Saved data entries:
(* Let $\Gamma$ be a connected countably infinite graph, let $(B_n)_{n\in\mathbb N}$ satisfy $(\dagger)$, and let $M_1,M_2$ be maximum matchings. Then every component of the symmetric difference $M_1\oplus M_2$ is alternating with respect to $M_1$ and $M_2$, and is either a cycle of even length, a double ray, or a path of even length whose two end-vertices $u,v$ both lie in $B_n\setminus B_{n-1}$ for the same $n$ (with $B_0:=\emptyset$).
   Context: Condition $(\dagger)$ on $(B_n)_{n\in\mathbb N}$: each $B_n\subseteq V(\Gamma)$ is finite, $B_n\subseteq B_{n+1}$, $\bigcup_n B_n=V(\Gamma)$, and the subgraph induced on each $B_n$ is connected. A matching $M$ misses a vertex $x$ if no edge of $M$ contains $x$. The miss sequence of $M$ is $(m_n)_{n\in\mathbb N}$ with $m_n$ the number of vertices of $B_n$ missed by $M$. For matchings $M_1,M_2$ with miss sequences $(a_n),(b_n)$, write $M_1<M_2$ if there is $N$ with $a_n=b_n$ for all $n<N$ and $a_N>b_N$. A maximum matching is a matching $M$ for which no matching $M'$ satisfies $M<M'$. A path, cycle or double ray is alternating with respect to $M$ if every other edge of it lies in $M$. $S\oplus T=(S\cup T)\setminus(S\cap T)$. *)

theory Defs
  imports Main "HOL-Library.Countable_Set"
begin
theorem DP_ideal_near_rectangular_add_two_ones:
  assumes part: "is_partition n (replicate a u @ replicate c (u - 1) @ [1, 1])" and u: "4 \<le> u"
    and g_eq: "g = a + c + 1" and g: "2 < g"
  shows "(DP_ideal n (replicate a u @ replicate c (u - 1) @ [1, 1]) :: 'k::field_char_0 mpoly set) =
    ideal_gen ({esym r {1..n} | r. 1 \<le> r \<and> r \<le> g} \<union> {Var i ^ (g + 1) | i. i \<in> {1..n}}
      \<union> {(Var i + Var j) * (Var i * Var j) ^ (g - 1) | i j. i \<in> {1..n} \<and> j \<in> {1..n} \<and> i \<noteq> j}
      \<union> {(Var i * Var j * Var k) ^ (g - 1) | i j k. 1 \<le> i \<and> i < j \<and> j < k \<and> k \<le> n})"
    (is "_ = ideal_gen ?G")
proof -
  let ?lam = "replicate a u @ replicate c (u - 1) @ replicate 2 1"
  have lam: "replicate a u @ replicate c (u - 1) @ [1, 1] = ?lam"
    by (simp add: numeral_2_eq_2)
  have part': "is_partition n ?lam" and g3: "3 \<le> g"
    using part lam g by simp_all
  have pow: "Var j ^ Suc g \<in> ?G" if "j \<in> {1..n}" for j
    using that by auto
  have pair: "(Var i + Var j) * (Var i * Var j) ^ (g - 1) \<in> ?G"
    if "i \<in> {1..n}" "j \<in> {1..n}" "i \<noteq> j" for i j
    using that by blast
  have triple: "(Var i * Var j * Var k) ^ (g - 1) \<in> ideal_gen ?G"
    if "i \<in> {1..n}" "j \<in> {1..n}" "k \<in> {1..n}" "i \<noteq> j" "i \<noteq> k" "j \<noteq> k" for i j k
    using that by (rule Var_triple_power_mem[rotated]) (auto intro!: ideal_gen_base)
  show ?thesis
    unfolding lam
  proof (rule DP_ideal_eq_ideal_genI[OF part' _ _ pow])
    have "Var i ^ (g + 1) \<in> (DP_ideal n ?lam :: 'k mpoly set)" if "i \<in> {1..n}" for i
      using that by (intro Var_power_mem_DP_ideal[OF part']) (simp_all add: g_eq)
    then show "?G \<subseteq> DP_ideal n ?lam"
      using esym_all_mem_DP_ideal[OF part'] DP_ideal_pair_mem[OF part' u g_eq g3]
        DP_ideal_triple_mem[OF part' u g_eq g3] by fastforce
  next
    fix r js assume js: "distinct js" "set js \<subseteq> {1..n}" and rk: "r + length js \<le> n"
      and cond: "(\<Sum>i\<in>{1..length js}. conj_part ?lam i) < r + length js"
    show "hsym r js \<in> ideal_gen ?G"
    proof (cases "js = []")
      case True
      then show ?thesis
        using cond ideal.subspace_0[OF ideal_gen_subspace] by simp
    next
      case False
      then have "length js * (g - 2) + 2 < r"
        using sum_conj_part_shape_lessD(2)[OF part' rk] cond g3 unfolding g_eq by (cases "a + c") auto
      then show ?thesis
        using hsym_mem_of_powers_pairs_triples[OF ideal_gen_subspace g3 pow[THEN ideal_gen_base]
            pair[THEN ideal_gen_base] triple js]
        by blast
    qed
  qed blast
qed

theorem mainTheorem9:
  fixes n :: nat and lam :: "nat list"
  assumes "1 \<le> n" and "is_partition n lam"
  shows
   "(\<forall>u a c g. lam = replicate a u @ replicate c (u - 1) \<and> g = a + c \<longrightarrow>
       (DP_ideal n lam :: 'k::field_char_0 mpoly set) =
         ideal_gen ({esym r {1..n} | r. 1 \<le> r \<and> r \<le> g - 1} \<union> {Var i ^ g | i. i \<in> {1..n}}))
    \<and>
    (\<forall>u a c g. lam = replicate a u @ replicate c (u - 1) @ [1] \<and> 3 \<le> u \<and> g = a + c \<and> 1 < g \<longrightarrow>
       (DP_ideal n lam :: 'k::field_char_0 mpoly set) =
         ideal_gen ({esym r {1..n} | r. 1 \<le> r \<and> r \<le> g} \<union> {Var i ^ (g + 1) | i. i \<in> {1..n}}
            \<union> {(Var i * Var j) ^ g | i j. 1 \<le> i \<and> i < j \<and> j \<le> n}))
    \<and>
    (\<forall>u a c g. lam = replicate a u @ replicate c (u - 1) @ [1, 1] \<and> 4 \<le> u \<and> g = a + c + 1 \<and> 2 < g \<longrightarrow>
       (DP_ideal n lam :: 'k::field_char_0 mpoly set) =
         ideal_gen ({esym r {1..n} | r. 1 \<le> r \<and> r \<le> g} \<union> {Var i ^ (g + 1) | i. i \<in> {1..n}}
            \<union> {(Var i + Var j) * (Var i * Var j) ^ (g - 1) | i j. i \<in> {1..n} \<and> j \<in> {1..n} \<and> i \<noteq> j}
            \<union> {(Var i * Var j * Var k) ^ (g - 1) | i j k. 1 \<le> i \<and> i < j \<and> j < k \<and> k \<le> n}))"
  using assms
  by (intro conjI allI impI; elim conjE; hypsubst)
    (rule DP_ideal_near_rectangular DP_ideal_near_rectangular_add_one
      DP_ideal_near_rectangular_add_two_ones; simp)+

end
definition non_Lindelof_complement_chain_cover :: "'a topology \<Rightarrow> 'a set set \<Rightarrow> bool" where
  "non_Lindelof_complement_chain_cover X \<C> \<longleftrightarrow>
     (\<forall>E\<in>\<C>. openin X E \<and> \<not> Lindelof_in X (topspace X - E)) \<and>
     (\<forall>A\<in>\<C>. \<forall>B\<in>\<C>. A \<subseteq> B \<or> B \<subseteq> A) \<and> \<Union>\<C> = topspace X"

lemma non_Lindelof_complement_chain_coverD:
  assumes "non_Lindelof_complement_chain_cover X \<C>"
  shows "\<And>E. E \<in> \<C> \<Longrightarrow> openin X E \<and> \<not> Lindelof_in X (topspace X - E)"
    and "\<And>A B. A \<in> \<C> \<Longrightarrow> B \<in> \<C> \<Longrightarrow> A \<subseteq> B \<or> B \<subseteq> A"
    and "\<Union>\<C> = topspace X"
  using assms unfolding non_Lindelof_complement_chain_cover_def by auto

lemma Lindelof_in_preimage_outside_essential_value:
  assumes P: "non_Lindelof_closed_countable_Inter X" and reg: "regular_space Y"
    and f: "continuous_map X Y f" and y: "essential_value X Y f y"
    and V: "openin Y V" "y \<in> V"
  shows "Lindelof_in X {x \<in> topspace X. f x \<in> topspace Y - V}"
proof (rule ccontr)
  assume not_Lindelof: "\<not> ?thesis"
  have closed: "closedin Y (topspace Y - V)"
    using V by blast
  moreover have "y \<in> topspace Y - (topspace Y - V)"
    using y V unfolding essential_value_def by blast
  ultimately obtain W where W: "openin Y W" "y \<in> W" "disjnt (topspace Y - V) (Y closure_of W)"
    using reg unfolding regular_space by blast
  let ?A = "{x \<in> topspace X. f x \<in> topspace Y - V}"
  let ?B = "{x \<in> topspace X. f x \<in> Y closure_of W}"
  have "closedin X ?A"
    using f closed by (rule closedin_continuous_map_preimage)
  moreover have "closedin X ?B"
    using f closedin_closure_of by (rule closedin_continuous_map_preimage)
  moreover have "\<not> Lindelof_in X ?B"
    using y W unfolding essential_value_def by blast
  moreover have "?A \<inter> ?B = {}"
    using W(3) closure_of_subset_topspace[of Y W] unfolding disjnt_def by auto
  ultimately have "\<not> Lindelof_in X (\<Inter>{?A, ?B})"
    using not_Lindelof by (intro non_Lindelof_closed_countable_InterD[OF P]) auto
  with \<open>?A \<inter> ?B = {}\<close> show False
    by simp
qed

lemma essential_value_constant_off_Lindelof:
  assumes P: "non_Lindelof_closed_countable_Inter X" and reg: "regular_space Y"
    and gd: "gdelta_in Y {y}" and f: "continuous_map X Y f" and nonL: "\<not> Lindelof_space X"
    and y: "essential_value X Y f y"
  shows "\<exists>Z. Lindelof_in X Z \<and> f ` (topspace X - Z) = {y}"
proof -
  obtain \<T> where \<T>: "countable \<T>" "\<And>V. V \<in> \<T> \<Longrightarrow> openin Y V" "\<Inter>\<T> = {y}"
    using gd unfolding gdelta_in_alt intersection_of_def by blast
  define Z where "Z = {x \<in> topspace X. f x \<noteq> y}"
  have "Z = (\<Union>V\<in>\<T>. {x \<in> topspace X. f x \<in> topspace Y - V})"
    using \<T>(3) continuous_map_image_subset_topspace[OF f] unfolding Z_def by blast
  moreover have "Lindelof_in X {x \<in> topspace X. f x \<in> topspace Y - V}" if "V \<in> \<T>" for V
    using Lindelof_in_preimage_outside_essential_value[OF P reg f y] \<T> that by blast
  ultimately have Z: "Lindelof_in X Z"
    using \<T>(1) by (auto intro: Lindelof_in_Union)
  then have "Z \<noteq> topspace X"
    using nonL Lindelof_in_topspace by metis
  then have "f ` (topspace X - Z) = {y}"
    unfolding Z_def by auto
  with Z show ?thesis by blast
qed

lemma essential_value_image_of_point_without_Lindelof_nbhd:
  assumes f: "continuous_map X Y f" and a: "a \<in> topspace X" and "\<not> has_Lindelof_nbhd X a"
  shows "essential_value X Y f (f a)"
  unfolding essential_value_def
proof (intro conjI allI impI notI)
  show "f a \<in> topspace Y"
    using f a by (simp add: continuous_map_def Pi_iff)
next
  fix W assume W: "openin Y W \<and> f a \<in> W"
    and L: "Lindelof_in X {x \<in> topspace X. f x \<in> Y closure_of W}"
  have "openin X {x \<in> topspace X. f x \<in> W}"
    using f W openin_continuous_map_preimage by blast
  moreover have "{x \<in> topspace X. f x \<in> W} \<subseteq> {x \<in> topspace X. f x \<in> Y closure_of W}"
    using closure_of_subset[of W Y] W openin_subset by blast
  ultimately show False
    using assms L a W unfolding has_Lindelof_nbhd_def by blast
qed

lemma non_Lindelof_complement_countable_Union:
  assumes P: "non_Lindelof_closed_countable_Inter X" and nonL: "\<not> Lindelof_space X"
    and "countable \<V>" and \<V>: "\<And>E. E \<in> \<V> \<Longrightarrow> openin X E \<and> \<not> Lindelof_in X (topspace X - E)"
  shows "\<not> Lindelof_in X (topspace X - \<Union>\<V>)"
proof -
  \<comment> \<open>\<open>topspace X\<close> is included so that the family is nonempty also for \<open>\<V> = {}\<close>.\<close>
  let ?\<F> = "insert (topspace X) ((\<lambda>E. topspace X - E) ` \<V>)"
  have "\<Inter>?\<F> = topspace X - \<Union>\<V>"
    by blast
  moreover have "\<forall>F\<in>?\<F>. closedin X F \<and> \<not> Lindelof_in X F"
    using \<V> nonL Lindelof_in_topspace by blast
  moreover have "countable ?\<F>"
    using \<open>countable \<V>\<close> by blast
  ultimately show ?thesis
    by (metis non_Lindelof_closed_countable_InterD[OF P] insert_not_empty)
qed

lemma chain_cover_member_contains_Lindelof_in:
  assumes P: "non_Lindelof_closed_countable_Inter X" and nonL: "\<not> Lindelof_space X"
    and \<C>: "non_Lindelof_complement_chain_cover X \<C>" and L: "Lindelof_in X L"
  shows "\<exists>E\<in>\<C>. L \<subseteq> E"
proof -
  note members = non_Lindelof_complement_chain_coverD(1)[OF \<C>]
    and chain = non_Lindelof_complement_chain_coverD(2)[OF \<C>]
    and cover = non_Lindelof_complement_chain_coverD(3)[OF \<C>]
  have "L \<subseteq> \<Union>\<C>"
    using L cover unfolding Lindelof_in_def by blast
  then obtain \<V> where \<V>: "countable \<V>" "\<V> \<subseteq> \<C>" "L \<subseteq> \<Union>\<V>"
    using Lindelof_in_countable_subcover[OF L, of \<C>] members by blast
  have "\<not> Lindelof_in X (topspace X - \<Union>\<V>)"
    using non_Lindelof_complement_countable_Union[OF P nonL \<V>(1)] \<V>(2) members by blast
  then have "topspace X - \<Union>\<V> \<noteq> {}"
    by (metis Lindelof_in_empty)
  then obtain x where x: "x \<in> topspace X" "x \<notin> \<Union>\<V>"
    by blast
  then obtain E where E: "E \<in> \<C>" "x \<in> E"
    using cover by blast
  have "E' \<subseteq> E" if "E' \<in> \<V>" for E'
    using chain[OF E(1), of E'] that \<V>(2) E(2) x(2) by blast
  with \<V>(3) E(1) show ?thesis
    by blast
qed

lemma common_closure_point_of_images_of_complements:
  assumes P: "non_Lindelof_closed_countable_Inter X" and nonL: "\<not> Lindelof_space X"
    and \<C>: "\<And>E. E \<in> \<C> \<Longrightarrow> openin X E \<and> \<not> Lindelof_in X (topspace X - E)"
    and f: "continuous_map X Y f" and card: "\<C> \<lesssim> K" and Y: "aleph0_kappa_compact Y K"
  shows "\<exists>y\<in>topspace Y. \<forall>E\<in>\<C>. y \<in> Y closure_of (f ` (topspace X - E))"
proof (rule ccontr)
  define D where "D E = Y closure_of (f ` (topspace X - E))" for E
  assume "\<not> ?thesis"
  then have uncovered: "\<forall>y\<in>topspace Y. \<exists>E\<in>\<C>. y \<notin> D E"
    unfolding D_def by blast
  let ?\<U> = "(\<lambda>E. topspace Y - D E) ` \<C>"
  have "\<forall>U\<in>?\<U>. openin Y U" "\<Union>?\<U> = topspace Y" "?\<U> \<lesssim> K"
    using uncovered lepoll_trans[OF image_lepoll card] unfolding D_def by auto
  then obtain \<W> where \<W>: "countable \<W>" "\<W> \<subseteq> ?\<U>" "\<Union>\<W> = topspace Y"
    using Y unfolding aleph0_kappa_compact_def by meson
  then obtain \<V> where \<V>: "countable \<V>" "\<V> \<subseteq> \<C>" "\<W> = (\<lambda>E. topspace Y - D E) ` \<V>"
    using countable_subset_image by metis
  have "\<not> Lindelof_in X (topspace X - \<Union>\<V>)"
    using non_Lindelof_complement_countable_Union[OF P nonL \<V>(1)] \<V>(2) \<C> by blast
  then have "topspace X - \<Union>\<V> \<noteq> {}"
    by (metis Lindelof_in_empty)
  then obtain x where x: "x \<in> topspace X" "x \<notin> \<Union>\<V>"
    by blast
  then have "f x \<in> \<Union>\<W>"
    using \<W>(3) f by (simp add: continuous_map_def Pi_iff)
  then obtain E where E: "E \<in> \<V>" "f x \<notin> D E"
    using \<V>(3) by blast
  have "f x \<in> f ` (topspace X - E)"
    using x E(1) by blast
  moreover have "f ` (topspace X - E) \<subseteq> topspace Y"
    using f by (auto simp: continuous_map_def Pi_iff)
  ultimately show False
    using E(2) closure_of_subset unfolding D_def by blast
qed

lemma essential_value_common_closure_point:
  assumes P: "non_Lindelof_closed_countable_Inter X" and nonL: "\<not> Lindelof_space X"
    and \<C>: "non_Lindelof_complement_chain_cover X \<C>" and f: "continuous_map X Y f"
    and y: "y \<in> topspace Y" "\<forall>E\<in>\<C>. y \<in> Y closure_of (f ` (topspace X - E))"
  shows "essential_value X Y f y"
  unfolding essential_value_def
proof (intro conjI allI impI notI)
  fix W assume W: "openin Y W \<and> y \<in> W"
  assume "Lindelof_in X {x \<in> topspace X. f x \<in> Y closure_of W}"
  then obtain E where E: "E \<in> \<C>" "{x \<in> topspace X. f x \<in> Y closure_of W} \<subseteq> E"
    using chain_cover_member_contains_Lindelof_in[OF P nonL \<C>] by blast
  have "f ` (topspace X - E) \<subseteq> topspace Y - W"
    using E(2) closure_of_subset[of W Y] W openin_subset f
    by (fastforce simp: continuous_map_def Pi_iff)
  then have "Y closure_of (f ` (topspace X - E)) \<subseteq> topspace Y - W"
    using W by (intro closure_of_minimal) auto
  then show False
    using y E(1) W by blast
qed (use y in simp)

lemma non_Lindelof_complement_chain_cover_subset:
  assumes "non_Lindelof_complement_chain_cover X \<C>" "\<V> \<subseteq> \<C>" "\<Union>\<V> = topspace X"
  shows "non_Lindelof_complement_chain_cover X \<V>"
  using assms unfolding non_Lindelof_complement_chain_cover_def by (simp add: subset_iff)

lemma non_Lindelof_complement_Un_Lindelof:
  assumes "openin X E" "\<not> Lindelof_in X (topspace X - E)" "Lindelof_in X L" "G \<subseteq> L"
  shows "\<not> Lindelof_in X (topspace X - (E \<union> G))"
proof
  assume "Lindelof_in X (topspace X - (E \<union> G))"
  then have "Lindelof_in X ((topspace X - (E \<union> G)) \<union> L)"
    using assms(3) by (rule Lindelof_in_Un)
  moreover have "closedin X (topspace X - E)"
    using assms(1) by (rule closedin_diff[OF closedin_topspace])
  moreover have "topspace X - E \<subseteq> (topspace X - (E \<union> G)) \<union> L"
    using assms(4) by blast
  ultimately show False
    using assms(2) Lindelof_in_closedin_subset by blast
qed

lemma Lindelof_in_open_superset_in_Lindelof:
  assumes S: "Lindelof_in X S" and nbhd: "\<And>x. x \<in> S \<Longrightarrow> has_Lindelof_nbhd X x"
  obtains V L where "openin X V" "S \<subseteq> V" "V \<subseteq> L" "Lindelof_in X L"
proof -
  obtain G L where GL: "\<And>x. x \<in> S \<Longrightarrow> openin X (G x) \<and> x \<in> G x \<and> G x \<subseteq> L x \<and> Lindelof_in X (L x)"
    using nbhd unfolding has_Lindelof_nbhd_def by metis
  then have "S \<subseteq> \<Union>(G ` S)"
    by blast
  then obtain \<G> where \<G>: "countable \<G>" "\<G> \<subseteq> G ` S" "S \<subseteq> \<Union>\<G>"
    using Lindelof_in_countable_subcover[OF S, of "G ` S"] GL by blast
  then obtain T where T: "countable T" "T \<subseteq> S" "\<G> = G ` T"
    using countable_subset_image by metis
  show ?thesis
  proof (rule that)
    show "openin X (\<Union>(G ` T))"
      using GL T(2) by blast
    show "S \<subseteq> \<Union>(G ` T)"
      using \<G>(3) T(3) by blast
    show "\<Union>(G ` T) \<subseteq> \<Union>(L ` T)"
      using GL T(2) by blast
    show "Lindelof_in X (\<Union>(L ` T))"
      using GL T by (intro Lindelof_in_Union) auto
  qed
qed

lemma non_Lindelof_complement_chain_cover_Un:
  assumes "M \<noteq> {}" and M: "\<And>E. E \<in> M \<Longrightarrow> openin X E \<and> \<not> Lindelof_in X (topspace X - E)"
    and chain: "\<And>A B. A \<in> M \<Longrightarrow> B \<in> M \<Longrightarrow> A \<subseteq> B \<or> B \<subseteq> A"
    and V: "openin X V" "V \<subseteq> L" "Lindelof_in X L" and cover: "\<Union>M \<union> V = topspace X"
  shows "non_Lindelof_complement_chain_cover X ((\<lambda>E. E \<union> V) ` M)"
proof -
  have "openin X (E \<union> V) \<and> \<not> Lindelof_in X (topspace X - (E \<union> V))" if "E \<in> M" for E
    using M[OF that] V non_Lindelof_complement_Un_Lindelof by blast
  moreover have "A \<union> V \<subseteq> B \<union> V \<or> B \<union> V \<subseteq> A \<union> V" if "A \<in> M" "B \<in> M" for A B
    using chain[OF that] by blast
  moreover have "\<Union>((\<lambda>E. E \<union> V) ` M) = topspace X"
    using \<open>M \<noteq> {}\<close> cover by blast
  ultimately show ?thesis
    unfolding non_Lindelof_complement_chain_cover_def by blast
qed
(* Let $A$ be a cyclic Leibniz algebra generated by $a$, with notation $L_a$, $p(x)=p_1(x)^{n_1}\cdots p_s(x)^{n_s}$ as in the context. Then the Frattini subalgebra of $A$ is $$\Phi(A)=\{b\in A : q(L_a)(b)=0\},\qquad q(x)=p_1(x)^{n_1-1}\cdots p_s(x)^{n_s-1}.$$
   Context: A (left) Leibniz algebra is an algebra satisfying $x(yz)=(xy)z+y(xz)$ for all $x,y,z$; all algebras are finite-dimensional over a field $F$. $A$ is a cyclic Leibniz algebra generated by $a$: $A$ is generated as an algebra by the single element $a$, and with $a^1=a$, $a^{k+1}=aa^k$, the elements $a,a^2,\dots,a^n$ form a basis of $A$ ($n=\dim A$). Write $aa^n=\alpha_2a^2+\cdots+\alpha_na^n$ (the coefficient of $a$ is necessarily $0$). $L_a:A\to A$ denotes left multiplication $b\mapsto ab$; its matrix in this basis is the companion matrix of $p(x)=x^n-\alpha_nx^{n-1}-\cdots-\alpha_2x$. Factor $p(x)=p_1(x)^{n_1}\cdots p_s(x)^{n_s}$ with $p_1,\dots,p_s$ the distinct monic irreducible factors over $F$, and $p_1(x)=x$. The Frattini subalgebra $\Phi(A)$ is the intersection of all maximal subalgebras of $A$. *)

theory Defs
  imports "HOL-Computational_Algebra.Polynomial_Factorial" "HOL-Computational_Algebra.Field_as_Ring"
begin

definition bilinear_product ::
  "('f::field \<Rightarrow> 'v::ab_group_add \<Rightarrow> 'v) \<Rightarrow> ('v \<Rightarrow> 'v \<Rightarrow> 'v) \<Rightarrow> bool" where
  "bilinear_product sc m \<longleftrightarrow>
     (\<forall>x y z. m (x + y) z = m x z + m y z) \<and>
     (\<forall>x y z. m x (y + z) = m x y + m x z) \<and>
     (\<forall>c x y. m (sc c x) y = sc c (m x y)) \<and>
     (\<forall>c x y. m x (sc c y) = sc c (m x y))"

** YOUR OBJECTIVE **
Wherever the word "theorem" occurs in the data above, copy the line it sits in.

** EXPECTED ANSWER **
theorem DP_ideal_near_rectangular_add_two_ones:
theorem mainTheorem9:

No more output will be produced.